### Records

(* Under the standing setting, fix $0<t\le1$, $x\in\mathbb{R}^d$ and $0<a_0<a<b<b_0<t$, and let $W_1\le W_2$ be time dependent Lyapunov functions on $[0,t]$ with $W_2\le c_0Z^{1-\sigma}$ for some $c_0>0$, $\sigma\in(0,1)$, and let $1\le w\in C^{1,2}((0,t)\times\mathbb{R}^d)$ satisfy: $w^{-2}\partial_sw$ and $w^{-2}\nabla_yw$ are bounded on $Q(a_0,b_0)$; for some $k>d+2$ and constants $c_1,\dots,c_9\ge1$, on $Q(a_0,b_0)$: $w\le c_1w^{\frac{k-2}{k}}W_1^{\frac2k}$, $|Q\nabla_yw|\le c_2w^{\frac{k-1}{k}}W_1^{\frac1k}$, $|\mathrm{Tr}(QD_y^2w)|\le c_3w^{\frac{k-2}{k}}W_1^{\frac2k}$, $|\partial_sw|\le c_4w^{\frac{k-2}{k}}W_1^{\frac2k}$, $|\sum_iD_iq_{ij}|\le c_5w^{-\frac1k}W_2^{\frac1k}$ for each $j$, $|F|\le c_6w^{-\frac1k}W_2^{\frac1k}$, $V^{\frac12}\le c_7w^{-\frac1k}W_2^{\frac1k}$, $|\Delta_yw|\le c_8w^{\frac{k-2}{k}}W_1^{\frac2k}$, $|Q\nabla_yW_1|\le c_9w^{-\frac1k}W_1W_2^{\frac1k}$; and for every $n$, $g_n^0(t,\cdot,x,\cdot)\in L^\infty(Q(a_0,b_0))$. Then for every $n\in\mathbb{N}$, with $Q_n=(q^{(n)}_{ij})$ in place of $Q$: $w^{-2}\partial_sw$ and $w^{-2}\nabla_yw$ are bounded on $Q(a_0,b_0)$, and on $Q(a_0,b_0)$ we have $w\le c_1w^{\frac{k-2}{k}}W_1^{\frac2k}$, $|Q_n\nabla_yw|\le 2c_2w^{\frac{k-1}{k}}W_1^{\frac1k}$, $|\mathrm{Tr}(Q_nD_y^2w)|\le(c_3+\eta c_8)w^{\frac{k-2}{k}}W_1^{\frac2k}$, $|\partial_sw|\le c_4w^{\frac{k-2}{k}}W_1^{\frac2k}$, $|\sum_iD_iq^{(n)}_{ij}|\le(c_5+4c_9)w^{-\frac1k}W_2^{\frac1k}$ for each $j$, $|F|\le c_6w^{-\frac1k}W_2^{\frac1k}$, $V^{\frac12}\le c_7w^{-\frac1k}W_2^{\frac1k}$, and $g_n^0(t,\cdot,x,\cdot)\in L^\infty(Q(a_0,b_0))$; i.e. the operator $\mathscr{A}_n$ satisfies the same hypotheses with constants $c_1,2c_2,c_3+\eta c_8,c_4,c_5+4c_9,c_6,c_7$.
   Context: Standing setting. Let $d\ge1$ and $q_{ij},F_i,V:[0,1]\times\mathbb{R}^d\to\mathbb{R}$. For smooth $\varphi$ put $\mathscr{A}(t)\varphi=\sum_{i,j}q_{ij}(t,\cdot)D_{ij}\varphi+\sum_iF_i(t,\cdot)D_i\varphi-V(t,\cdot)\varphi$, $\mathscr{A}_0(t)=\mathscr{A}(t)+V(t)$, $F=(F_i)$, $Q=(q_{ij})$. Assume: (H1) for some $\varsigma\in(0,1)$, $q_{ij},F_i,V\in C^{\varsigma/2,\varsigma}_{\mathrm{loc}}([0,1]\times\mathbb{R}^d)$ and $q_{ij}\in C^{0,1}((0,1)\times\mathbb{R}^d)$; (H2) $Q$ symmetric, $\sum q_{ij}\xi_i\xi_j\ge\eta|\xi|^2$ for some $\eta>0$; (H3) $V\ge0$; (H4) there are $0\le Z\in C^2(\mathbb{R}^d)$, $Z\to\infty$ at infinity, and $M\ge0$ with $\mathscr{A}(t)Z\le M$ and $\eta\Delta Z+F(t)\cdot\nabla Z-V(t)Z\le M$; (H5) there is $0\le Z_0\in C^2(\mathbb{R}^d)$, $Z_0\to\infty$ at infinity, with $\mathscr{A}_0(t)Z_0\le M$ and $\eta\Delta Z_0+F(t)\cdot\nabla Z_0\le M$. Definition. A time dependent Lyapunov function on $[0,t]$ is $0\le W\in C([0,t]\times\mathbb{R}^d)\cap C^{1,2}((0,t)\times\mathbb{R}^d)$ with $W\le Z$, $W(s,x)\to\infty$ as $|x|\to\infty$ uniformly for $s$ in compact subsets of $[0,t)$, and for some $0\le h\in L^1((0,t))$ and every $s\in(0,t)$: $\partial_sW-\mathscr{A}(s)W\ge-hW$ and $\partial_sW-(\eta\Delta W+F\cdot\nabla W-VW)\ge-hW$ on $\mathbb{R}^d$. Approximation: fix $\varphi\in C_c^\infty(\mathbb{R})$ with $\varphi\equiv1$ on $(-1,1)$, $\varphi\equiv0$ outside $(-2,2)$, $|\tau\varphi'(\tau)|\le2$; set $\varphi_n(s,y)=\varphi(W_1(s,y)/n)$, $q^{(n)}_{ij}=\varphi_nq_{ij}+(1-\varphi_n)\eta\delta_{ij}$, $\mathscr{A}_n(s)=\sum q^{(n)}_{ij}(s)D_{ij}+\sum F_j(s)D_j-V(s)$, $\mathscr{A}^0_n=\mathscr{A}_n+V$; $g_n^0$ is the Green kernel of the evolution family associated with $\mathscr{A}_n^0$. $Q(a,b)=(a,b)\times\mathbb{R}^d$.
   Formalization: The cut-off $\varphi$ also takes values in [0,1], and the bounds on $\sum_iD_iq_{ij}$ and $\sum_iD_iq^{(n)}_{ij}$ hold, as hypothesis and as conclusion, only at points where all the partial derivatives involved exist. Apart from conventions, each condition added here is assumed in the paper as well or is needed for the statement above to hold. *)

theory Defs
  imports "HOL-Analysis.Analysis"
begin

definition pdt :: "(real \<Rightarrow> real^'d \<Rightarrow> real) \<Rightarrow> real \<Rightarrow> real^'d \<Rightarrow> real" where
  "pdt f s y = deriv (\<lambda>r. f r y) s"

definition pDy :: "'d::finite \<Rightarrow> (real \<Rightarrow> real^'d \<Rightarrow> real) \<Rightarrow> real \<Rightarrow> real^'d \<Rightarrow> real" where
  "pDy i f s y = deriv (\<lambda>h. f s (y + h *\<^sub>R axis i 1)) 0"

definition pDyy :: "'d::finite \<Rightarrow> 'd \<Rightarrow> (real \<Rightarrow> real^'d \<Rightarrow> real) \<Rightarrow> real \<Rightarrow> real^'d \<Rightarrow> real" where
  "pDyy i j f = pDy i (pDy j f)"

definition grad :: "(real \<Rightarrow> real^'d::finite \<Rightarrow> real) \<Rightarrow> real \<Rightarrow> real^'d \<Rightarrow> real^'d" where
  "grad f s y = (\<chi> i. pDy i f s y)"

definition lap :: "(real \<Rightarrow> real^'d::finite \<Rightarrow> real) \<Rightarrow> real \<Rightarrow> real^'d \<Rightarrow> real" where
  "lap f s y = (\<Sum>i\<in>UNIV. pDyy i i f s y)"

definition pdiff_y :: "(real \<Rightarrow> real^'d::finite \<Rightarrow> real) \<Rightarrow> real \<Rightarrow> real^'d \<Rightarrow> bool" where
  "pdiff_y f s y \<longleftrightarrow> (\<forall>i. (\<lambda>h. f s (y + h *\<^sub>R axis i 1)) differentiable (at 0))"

######
### Records

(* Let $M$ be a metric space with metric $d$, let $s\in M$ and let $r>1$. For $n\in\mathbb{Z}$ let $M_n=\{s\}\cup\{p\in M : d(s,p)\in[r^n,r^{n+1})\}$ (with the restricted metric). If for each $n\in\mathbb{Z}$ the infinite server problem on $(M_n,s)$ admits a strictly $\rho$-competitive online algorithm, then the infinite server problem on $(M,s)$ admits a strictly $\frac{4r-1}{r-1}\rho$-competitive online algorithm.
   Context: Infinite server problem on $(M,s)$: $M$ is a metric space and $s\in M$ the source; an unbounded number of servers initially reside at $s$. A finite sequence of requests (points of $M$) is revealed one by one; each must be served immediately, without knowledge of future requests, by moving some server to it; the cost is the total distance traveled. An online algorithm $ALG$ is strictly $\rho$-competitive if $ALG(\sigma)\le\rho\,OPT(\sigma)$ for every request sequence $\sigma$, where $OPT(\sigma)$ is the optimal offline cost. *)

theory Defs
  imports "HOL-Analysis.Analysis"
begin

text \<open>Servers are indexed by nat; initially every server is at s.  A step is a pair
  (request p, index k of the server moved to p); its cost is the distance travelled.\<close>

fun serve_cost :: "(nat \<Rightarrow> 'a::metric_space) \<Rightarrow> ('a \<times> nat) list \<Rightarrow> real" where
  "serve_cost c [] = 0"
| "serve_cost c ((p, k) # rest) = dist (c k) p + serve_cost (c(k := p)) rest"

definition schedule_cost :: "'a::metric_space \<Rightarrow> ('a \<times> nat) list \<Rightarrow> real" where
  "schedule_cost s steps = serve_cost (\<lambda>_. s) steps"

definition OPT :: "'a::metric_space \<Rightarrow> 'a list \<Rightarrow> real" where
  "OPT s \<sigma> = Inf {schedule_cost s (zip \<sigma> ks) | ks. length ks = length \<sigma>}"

######

The lines to copy are those in the listing that contain "grad".

**Response:**
definition grad :: "(real \<Rightarrow> real^'d::finite \<Rightarrow> real) \<Rightarrow> real \<Rightarrow> real^'d \<Rightarrow> real^'d" where
  "grad f s y = (\<chi> i. pDy i f s y)"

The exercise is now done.